Functionality for benchmarking Puffin.

cache-key

Generic functionality for caching paths, URLs, and other resources across platforms.

distribution-filename

Parse built distribution (wheel) and source distribution (sdist) filenames to extract structured metadata.

distribution-types

Abstractions for representing built distributions (wheels) and source distributions (sdists), and the sources from which they can be downloaded.

gourgeist

A venv replacement to create virtual environments in Rust.

install-wheel-rs

Install built distributions (wheels) into a virtual environment.]

once-map

A waitmap-like concurrent hash map for executing tasks exactly once.

pep440-rs

Utilities for interacting with Python version numbers and specifiers.

pep508-rs

Utilities for interacting with PEP 508 dependency specifiers.

platform-host

Functionality for detecting the current platform (operating system, architecture, etc.).

platform-tags

Functionality for parsing and inferring Python platform tags as per PEP 425.

puffin

Command-line interface for the Puffin package manager.

puffin-build

A PEP 517-compatible build frontend for Puffin.

puffin-cache

Functionality for caching Python packages and associated metadata.

puffin-client

Client for interacting with PyPI-compatible HTTP APIs.

puffin-dev

Development utilities for Puffin.

puffin-dispatch

A centralized struct for resolving and building source distributions in isolated environments.

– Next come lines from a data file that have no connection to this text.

(* On the Heisenberg group $H=\langle a,b,c\mid ac=ca,\ bc=cb,\ [a,b]=c\rangle$ there exist length functions $l$ which are not stable norms, i.e. there is no function $L:H\to[0,\infty)$ with $L(gh)\leq L(g)+L(h)$ and $L(g)=L(g^{-1})$ for all $g,h$ such that $l(g)=\lim_{k\to\infty}L(g^{k})/k$ for all $g\in H$.
   Context: A length function on a group $G$ is a function $l:G\to[0,\infty)$ such that $l(g^{n})=|n|\,l(g)$ for all $g\in G,n\in\mathbb{Z}$; $l(hgh^{-1})=l(g)$ for all $g,h$; and $l(ab)\leq l(a)+l(b)$ whenever $a,b$ commute. *)

theory Defs
  imports "HOL-Algebra.Group" "HOL-Analysis.Analysis"
begin

text \<open>Here a = (1,0,0), b = (0,1,0),
  c = (0,0,1) satisfy ac = ca, bc = cb and the commutator of a and b is central
  generating the centre; this is the standard model of the presented group.\<close>

definition heis_mult :: "int \<times> int \<times> int \<Rightarrow> int \<times> int \<times> int \<Rightarrow> int \<times> int \<times> int" where
  "heis_mult p q = (case p of (x,y,z) \<Rightarrow> case q of (x',y',z') \<Rightarrow> (x + x', y + y', z + z' + x * y'))"

definition heis :: "(int \<times> int \<times> int) monoid" where
  "heis = \<lparr>carrier = UNIV, monoid.mult = heis_mult, monoid.one = (0,0,0)\<rparr>"

definition length_function :: "('a, 'b) monoid_scheme \<Rightarrow> ('a \<Rightarrow> real) \<Rightarrow> bool" where
  "length_function G l \<longleftrightarrow>
     (\<forall>g\<in>carrier G. l g \<ge> 0) \<and>
     (\<forall>g\<in>carrier G. \<forall>n::int. l (g [^]\<^bsub>G\<^esub> n) = \<bar>real_of_int n\<bar> * l g) \<and>
     (\<forall>g\<in>carrier G. \<forall>h\<in>carrier G. l (h \<otimes>\<^bsub>G\<^esub> g \<otimes>\<^bsub>G\<^esub> inv\<^bsub>G\<^esub> h) = l g) \<and>
     (\<forall>a\<in>carrier G. \<forall>b\<in>carrier G. a \<otimes>\<^bsub>G\<^esub> b = b \<otimes>\<^bsub>G\<^esub> a \<longrightarrow>
        l (a \<otimes>\<^bsub>G\<^esub> b) \<le> l a + l b)"

definition stable_norm :: "('a, 'b) monoid_scheme \<Rightarrow> ('a \<Rightarrow> real) \<Rightarrow> bool" where
  "stable_norm G l \<longleftrightarrow>
     (\<exists>L :: 'a \<Rightarrow> real.
        (\<forall>g\<in>carrier G. L g \<ge> 0) \<and>
        (\<forall>g\<in>carrier G. \<forall>h\<in>carrier G. L (g \<otimes>\<^bsub>G\<^esub> h) \<le> L g + L h) \<and>
        (\<forall>g\<in>carrier G. L g = L (inv\<^bsub>G\<^esub> g)) \<and>
        (\<forall>g\<in>carrier G. (\<lambda>k::nat. L (g [^]\<^bsub>G\<^esub> k) / real k) \<longlonglongrightarrow> l g))"

end

theory Submission
  imports Defs
begin

text \<open>The function l(x, y, z) = |x| for x = y and l(x, y, z) = 0 otherwise is a length
  function: if g and h commute and gh lies on the diagonal x = y, then either g and h both
  lie on it or gh has x = 0.  It vanishes on a = (1,0,0) and b = (0,1,0), while
  l(ab) = l(1,1,1) = 1.  If l were the stabilisation of a symmetric subadditive L, then
  L(a^k) and L(b^k) would be o(k); but
  (ab)^(2j) = a^(2j) b^(4j-1) a^j b^(-(2j-1)) a^(-j),
  so subadditivity would force L((ab)^(2j)) = o(j), contradicting l(ab) = 1.\<close>

lemma heis_carrier [simp]: "carrier heis = UNIV"
  by (simp add: heis_def)

lemma heis_one [simp]: "\<one>\<^bsub>heis\<^esub> = (0, 0, 0)"
  by (simp add: heis_def)

lemma heis_mult_triple [simp]:
  "(x, y, z) \<otimes>\<^bsub>heis\<^esub> (x', y', z') = (x + x', y + y', z + z' + x * y')"
  by (simp add: heis_def heis_mult_def)

lemma group_heis: "group heis"
proof (rule groupI)
  fix g h k :: "int \<times> int \<times> int"
  show "g \<otimes>\<^bsub>heis\<^esub> h \<otimes>\<^bsub>heis\<^esub> k = g \<otimes>\<^bsub>heis\<^esub> (h \<otimes>\<^bsub>heis\<^esub> k)"
    by (cases g; cases h; cases k) (simp add: algebra_simps)
next
  fix g :: "int \<times> int \<times> int"
  show "\<one>\<^bsub>heis\<^esub> \<otimes>\<^bsub>heis\<^esub> g = g"
    by (cases g) simp
  obtain x y z where g: "g = (x, y, z)"
    by (cases g)
  show "\<exists>h\<in>carrier heis. h \<otimes>\<^bsub>heis\<^esub> g = \<one>\<^bsub>heis\<^esub>"
    by (rule bexI[of _ "(-x, -y, -z + x * y)"]) (simp_all add: g)
qed (simp_all add: heis_def)

lemma heis_inv_triple [simp]: "inv\<^bsub>heis\<^esub> (x, y, z) = (-x, -y, -z + x * y)"
  by (rule group.inv_equality[OF group_heis]) simp_all

lemma heis_commute_iff:
  "(x, y, z) \<otimes>\<^bsub>heis\<^esub> (x', y', z') = (x', y', z') \<otimes>\<^bsub>heis\<^esub> (x, y, z) \<longleftrightarrow> x * y' = x' * y"
  by (auto simp: algebra_simps)

lemma heis_nat_pow:
  "(x, y, z) [^]\<^bsub>heis\<^esub> (k::nat) =
     (int k * x, int k * y, int k * z + x * y * (int k * (int k - 1) div 2))"
proof (induction k)
  case (Suc k)
  have "int (Suc k) * (int (Suc k) - 1) div 2 = int k * (int k - 1) div 2 + int k"
    by (simp add: algebra_simps)
  then show ?case
    using Suc by (simp only:) (simp add: algebra_simps)
qed simp

lemma heis_int_pow:
  "\<exists>w. (x, y, z) [^]\<^bsub>heis\<^esub> (n::int) = (n * x, n * y, w)"
proof (cases n rule: int_cases)
  case (nonneg k)
  then show ?thesis
    by (simp add: int_pow_int heis_nat_pow)
next
  case (neg k)
  then have "(x, y, z) [^]\<^bsub>heis\<^esub> n = inv\<^bsub>heis\<^esub> ((x, y, z) [^]\<^bsub>heis\<^esub> Suc k)"
    using group.int_pow_neg_int[OF group_heis, of "(x, y, z)" "Suc k"] by simp
  also have "\<dots> = (n * x, n * y, snd (snd (inv\<^bsub>heis\<^esub> ((x, y, z) [^]\<^bsub>heis\<^esub> Suc k))))"
    by (simp add: neg heis_nat_pow algebra_simps)
  finally show ?thesis
    by blast
qed

definition diagonal_length :: "int \<times> int \<times> int \<Rightarrow> real" where
  "diagonal_length g = (case g of (x, y, _) \<Rightarrow> if x = y then \<bar>real_of_int x\<bar> else 0)"

lemma diagonal_length_triple [simp]:
  "diagonal_length (x, y, z) = (if x = y then \<bar>real_of_int x\<bar> else 0)"
  by (simp add: diagonal_length_def)

lemma diagonal_length_commuting_subadditive:
  assumes "x * y' = x' * y"
  shows "diagonal_length ((x, y, z) \<otimes>\<^bsub>heis\<^esub> (x', y', z'))
           \<le> diagonal_length (x, y, z) + diagonal_length (x', y', z')"
proof -
  have "x + x' = 0" if "x \<noteq> y" "x + x' = y + y'"
  proof -
    from that(2) have "y' = x + x' - y"
      by simp
    with assms have "(x + x') * (x - y) = 0"
      by (simp add: algebra_simps)
    with that(1) show ?thesis
      by simp
  qed
  then show ?thesis
    by auto
qed

lemma length_function_diagonal_length: "length_function heis diagonal_length"
  unfolding length_function_def
proof (intro conjI ballI allI impI)
  fix g :: "int \<times> int \<times> int" and n :: int
  obtain x y z where g: "g = (x, y, z)"
    by (cases g)
  obtain w where "g [^]\<^bsub>heis\<^esub> n = (n * x, n * y, w)"
    using heis_int_pow g by blast
  then show "diagonal_length (g [^]\<^bsub>heis\<^esub> n) = \<bar>real_of_int n\<bar> * diagonal_length g"
    by (simp add: g abs_mult)
next
  fix g h :: "int \<times> int \<times> int"
  show "diagonal_length (h \<otimes>\<^bsub>heis\<^esub> g \<otimes>\<^bsub>heis\<^esub> inv\<^bsub>heis\<^esub> h) = diagonal_length g"
    by (cases g; cases h) simp
next
  fix g h :: "int \<times> int \<times> int"
  assume "g \<otimes>\<^bsub>heis\<^esub> h = h \<otimes>\<^bsub>heis\<^esub> g"
  then show "diagonal_length (g \<otimes>\<^bsub>heis\<^esub> h) \<le> diagonal_length g + diagonal_length h"
    by (cases g; cases h) (simp only: heis_commute_iff diagonal_length_commuting_subadditive)
qed (simp add: diagonal_length_def split: prod.split)

lemma eventually_le_linear_of_LIMSEQ:
  assumes "(\<lambda>k. f k / real k) \<longlonglongrightarrow> c" "c < e"
  shows "\<forall>\<^sub>F k in sequentially. f k \<le> e * real k"
  using order_tendstoD(2)[OF assms] eventually_gt_at_top[of 0]
  by eventually_elim (simp add: pos_divide_less_eq)

lemma eventually_ge_linear_of_LIMSEQ:
  assumes "(\<lambda>k. f k / real k) \<longlonglongrightarrow> c" "e < c"
  shows "\<forall>\<^sub>F k in sequentially. e * real k \<le> f k"
  using order_tendstoD(1)[OF assms] eventually_gt_at_top[of 0]
  by eventually_elim (simp add: pos_less_divide_eq)

lemma heis_diagonal_pow_factorisation:
  fixes j :: nat
  assumes "1 \<le> j"
  shows "(1, 1, 1) [^]\<^bsub>heis\<^esub> (2 * j) =
    (1, 0, 0) [^]\<^bsub>heis\<^esub> (2 * j) \<otimes>\<^bsub>heis\<^esub> (0, 1, 0) [^]\<^bsub>heis\<^esub> (4 * j - 1)
      \<otimes>\<^bsub>heis\<^esub> (1, 0, 0) [^]\<^bsub>heis\<^esub> j
      \<otimes>\<^bsub>heis\<^esub> inv\<^bsub>heis\<^esub> ((0, 1, 0) [^]\<^bsub>heis\<^esub> (2 * j - 1))
      \<otimes>\<^bsub>heis\<^esub> inv\<^bsub>heis\<^esub> ((1, 0, 0) [^]\<^bsub>heis\<^esub> j)"
proof -
  have "2 * int j * (2 * int j - 1) div 2 = int j * (2 * int j - 1)"
    by simp
  then show ?thesis
    using assms by (simp add: heis_nat_pow of_nat_diff algebra_simps)
qed

lemma heis_diagonal_pow_le:
  fixes L :: "int \<times> int \<times> int \<Rightarrow> real"
  assumes sub: "\<And>g h. L (g \<otimes>\<^bsub>heis\<^esub> h) \<le> L g + L h"
    and sym: "\<And>g. L (inv\<^bsub>heis\<^esub> g) = L g"
    and "0 \<le> \<epsilon>"
    and a: "\<And>k. N \<le> k \<Longrightarrow> L ((1, 0, 0) [^]\<^bsub>heis\<^esub> k) \<le> \<epsilon> * real k"
    and b: "\<And>k. N \<le> k \<Longrightarrow> L ((0, 1, 0) [^]\<^bsub>heis\<^esub> k) \<le> \<epsilon> * real k"
    and "N \<le> j" "1 \<le> j"
  shows "L ((1, 1, 1) [^]\<^bsub>heis\<^esub> (2 * j)) \<le> 10 * \<epsilon> * real j"
proof -
  have sub5: "L (g\<^sub>1 \<otimes>\<^bsub>heis\<^esub> g\<^sub>2 \<otimes>\<^bsub>heis\<^esub> g\<^sub>3 \<otimes>\<^bsub>heis\<^esub> g\<^sub>4 \<otimes>\<^bsub>heis\<^esub> g\<^sub>5)
      \<le> L g\<^sub>1 + L g\<^sub>2 + L g\<^sub>3 + L g\<^sub>4 + L g\<^sub>5" for g\<^sub>1 g\<^sub>2 g\<^sub>3 g\<^sub>4 g\<^sub>5
    using sub[of "g\<^sub>1 \<otimes>\<^bsub>heis\<^esub> g\<^sub>2 \<otimes>\<^bsub>heis\<^esub> g\<^sub>3 \<otimes>\<^bsub>heis\<^esub> g\<^sub>4" g\<^sub>5]
      sub[of "g\<^sub>1 \<otimes>\<^bsub>heis\<^esub> g\<^sub>2 \<otimes>\<^bsub>heis\<^esub> g\<^sub>3" g\<^sub>4]
      sub[of "g\<^sub>1 \<otimes>\<^bsub>heis\<^esub> g\<^sub>2" g\<^sub>3] sub[of g\<^sub>1 g\<^sub>2]
    by linarith
  have "L ((1, 1, 1) [^]\<^bsub>heis\<^esub> (2 * j))
      \<le> L ((1, 0, 0) [^]\<^bsub>heis\<^esub> (2 * j)) + L ((0, 1, 0) [^]\<^bsub>heis\<^esub> (4 * j - 1))
        + L ((1, 0, 0) [^]\<^bsub>heis\<^esub> j) + L ((0, 1, 0) [^]\<^bsub>heis\<^esub> (2 * j - 1))
        + L ((1, 0, 0) [^]\<^bsub>heis\<^esub> j)"
    using sub5[of "(1, 0, 0) [^]\<^bsub>heis\<^esub> (2 * j)" "(0, 1, 0) [^]\<^bsub>heis\<^esub> (4 * j - 1)"
        "(1, 0, 0) [^]\<^bsub>heis\<^esub> j" "inv\<^bsub>heis\<^esub> ((0, 1, 0) [^]\<^bsub>heis\<^esub> (2 * j - 1))"
        "inv\<^bsub>heis\<^esub> ((1, 0, 0) [^]\<^bsub>heis\<^esub> j)"]
    by (simp only: heis_diagonal_pow_factorisation[OF \<open>1 \<le> j\<close>] sym)
  also have "\<dots> \<le> \<epsilon> * real (2 * j) + \<epsilon> * real (4 * j - 1) + \<epsilon> * real j
      + \<epsilon> * real (2 * j - 1) + \<epsilon> * real j"
    using assms by (intro add_mono a b) auto
  also have "\<dots> \<le> 10 * \<epsilon> * real j"
    using assms by (simp add: of_nat_diff algebra_simps)
  finally show ?thesis .
qed

lemma not_stable_norm_diagonal_length: "\<not> stable_norm heis diagonal_length"
proof
  assume "stable_norm heis diagonal_length"
  then obtain L :: "int \<times> int \<times> int \<Rightarrow> real"
    where sub: "\<And>g h. L (g \<otimes>\<^bsub>heis\<^esub> h) \<le> L g + L h"
      and sym: "\<And>g. L (inv\<^bsub>heis\<^esub> g) = L g"
      and lim: "\<And>g. (\<lambda>k. L (g [^]\<^bsub>heis\<^esub> k) / real k) \<longlonglongrightarrow> diagonal_length g"
    unfolding stable_norm_def by (metis UNIV_I heis_carrier)
  have "\<forall>\<^sub>F k in sequentially.
      L ((1, 0, 0) [^]\<^bsub>heis\<^esub> k) \<le> 1 / 20 * real k \<and>
      L ((0, 1, 0) [^]\<^bsub>heis\<^esub> k) \<le> 1 / 20 * real k \<and>
      1 / 2 * real k \<le> L ((1, 1, 1) [^]\<^bsub>heis\<^esub> k)"
    using lim[of "(1, 0, 0)"] lim[of "(0, 1, 0)"] lim[of "(1, 1, 1)"]
    by (intro eventually_conj eventually_le_linear_of_LIMSEQ eventually_ge_linear_of_LIMSEQ) auto
  then obtain N where N: "\<And>k. N \<le> k \<Longrightarrow>
      L ((1, 0, 0) [^]\<^bsub>heis\<^esub> k) \<le> 1 / 20 * real k \<and>
      L ((0, 1, 0) [^]\<^bsub>heis\<^esub> k) \<le> 1 / 20 * real k \<and>
      1 / 2 * real k \<le> L ((1, 1, 1) [^]\<^bsub>heis\<^esub> k)"
    unfolding eventually_sequentially by blast
  define j where "j = Suc N"
  have "L ((1, 1, 1) [^]\<^bsub>heis\<^esub> (2 * j)) \<le> 10 * (1 / 20) * real j"
    by (rule heis_diagonal_pow_le[OF sub sym]) (use N in \<open>auto simp: j_def\<close>)
  moreover have "1 / 2 * real (2 * j) \<le> L ((1, 1, 1) [^]\<^bsub>heis\<^esub> (2 * j))"
    using N[of "2 * j"] by (simp add: j_def)
  ultimately show False
    by (simp add: j_def)
qed

theorem corollary25:
  shows "\<exists>l. length_function heis l \<and> \<not> stable_norm heis l"
  using length_function_diagonal_length not_stable_norm_diagonal_length by blast

end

Implements the traits defined in puffin-traits.

puffin-distribution

Client for interacting with built distributions (wheels) and source distributions (sdists). Capable of fetching metadata, distribution contents, etc.

puffin-extract

Utilities for extracting files from archives.

puffin-fs

Utilities for interacting with the filesystem.

puffin-git

Functionality for interacting with Git repositories.

puffin-installer

Functionality for installing Python packages into a virtual environment.

puffin-interpreter

Functionality for detecting and leveraging the current Python interpreter.

puffin-normalize

Normalize package and extra names as per Python specifications.

puffin-package

Types and functionality for working with Python packages, e.g., parsing wheel files.

puffin-resolver

Functionality for resolving Python packages and their dependencies.

puffin-traits

Shared traits for Puffin, to avoid circular dependencies.

pypi-types

General-purpose type definitions for types used in PyPI-compatible APIs.

puffin-warnings

User-facing warnings for Puffin.

requirements-txt

Functionality for parsing requirements.txt files.